Collected data entries
------
lemma lacunary_term_bounds:
  assumes "0 \<le> t" "t * (1/2)^j \<le> s"
  shows "(t * ln 3)\<^sup>2 \<le> (s * ln (real (lacunary j)))\<^sup>2"
    and "t * ln 3 \<le> lacunary_weight (lacunary j) * ln (real (lacunary j)) * s"
proof -
  have halves: "(1/2::real)^j * 4^j = 2^j"
    by (simp flip: power_mult_distrib)
  have "t * ln 3 * 1 \<le> t * ln 3 * 2^j"
    using assms(1) by (intro mult_left_mono) auto
  also have "\<dots> = t * ((1/2)^j * 4^j) * ln 3"
    by (simp add: halves)
  also have "\<dots> \<le> s * ln (real (lacunary j))"
    using assms by (simp add: ln_lacunary mult_right_mono mult.assoc[symmetric])
  finally show "(t * ln 3)\<^sup>2 \<le> (s * ln (real (lacunary j)))\<^sup>2"
    using assms(1) by (intro power_mono) auto
  have "t * ln 3 = (1/2)^j * 4^j * ln 3 * (t * (1/2)^j)"
    by (simp add: halves flip: power_mult_distrib)
  also have "\<dots> \<le> (1/2)^j * 4^j * ln 3 * s"
    using assms(2) by (intro mult_left_mono) auto
  finally show "t * ln 3 \<le> lacunary_weight (lacunary j) * ln (real (lacunary j)) * s"
    by (simp add: ln_lacunary mult.assoc)
qed

lemma limsup_partial_sums_eq_infinity:
  fixes f :: "nat \<Rightarrow> real" and s :: "nat \<Rightarrow> nat"
  assumes nonneg: "\<And>k. 0 \<le> f k" and "0 < K" and s: "strict_mono s" "\<And>j. 0 < s j"
    and large: "\<And>j. K \<le> f (s j)"
  shows "limsup (\<lambda>n. ereal (\<Sum>k=1..n. f k)) = \<infinity>"
proof -
  have "\<exists>N. \<forall>n\<ge>N. ereal B \<le> ereal (\<Sum>k=1..n. f k)" for B
  proof -
    obtain m :: nat where "B \<le> real m * K"
      using \<open>0 < K\<close> real_arch_simple[of "B / K"] by (auto simp: pos_divide_le_eq)
    moreover have "real m * K \<le> (\<Sum>k=1..n. f k)" if "s m \<le> n" for n
    proof -
      have "s ` {..<m} \<subseteq> {1..n}"
        using s that by (auto simp: Suc_le_eq dest: strict_monoD intro: order.strict_trans2)
      have "real m * K \<le> (\<Sum>j<m. f (s j))"
        using sum_mono[of "{..<m}" "\<lambda>_. K" "\<lambda>j. f (s j)"] large by simp
      also have "\<dots> = (\<Sum>k\<in>s ` {..<m}. f k)"
        using strict_mono_on_imp_inj_on[OF s(1)] by (simp add: sum.reindex inj_on_subset)
      also have "\<dots> \<le> (\<Sum>k=1..n. f k)"
        using \<open>s ` {..<m} \<subseteq> {1..n}\<close> nonneg by (intro sum_mono2) auto
      finally show ?thesis .
    qed
    ultimately show ?thesis by force
  qed
  then have "(\<lambda>n. ereal (\<Sum>k=1..n. f k)) \<longlonglongrightarrow> \<infinity>"
    unfolding Lim_PInfty by blast
  then show ?thesis by (intro lim_imp_Limsup) auto
qed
------
If a line in the records above has the word "thesis", copy it.

      finally show ?thesis .
    ultimately show ?thesis by force
  then show ?thesis by (intro lim_imp_Limsup) auto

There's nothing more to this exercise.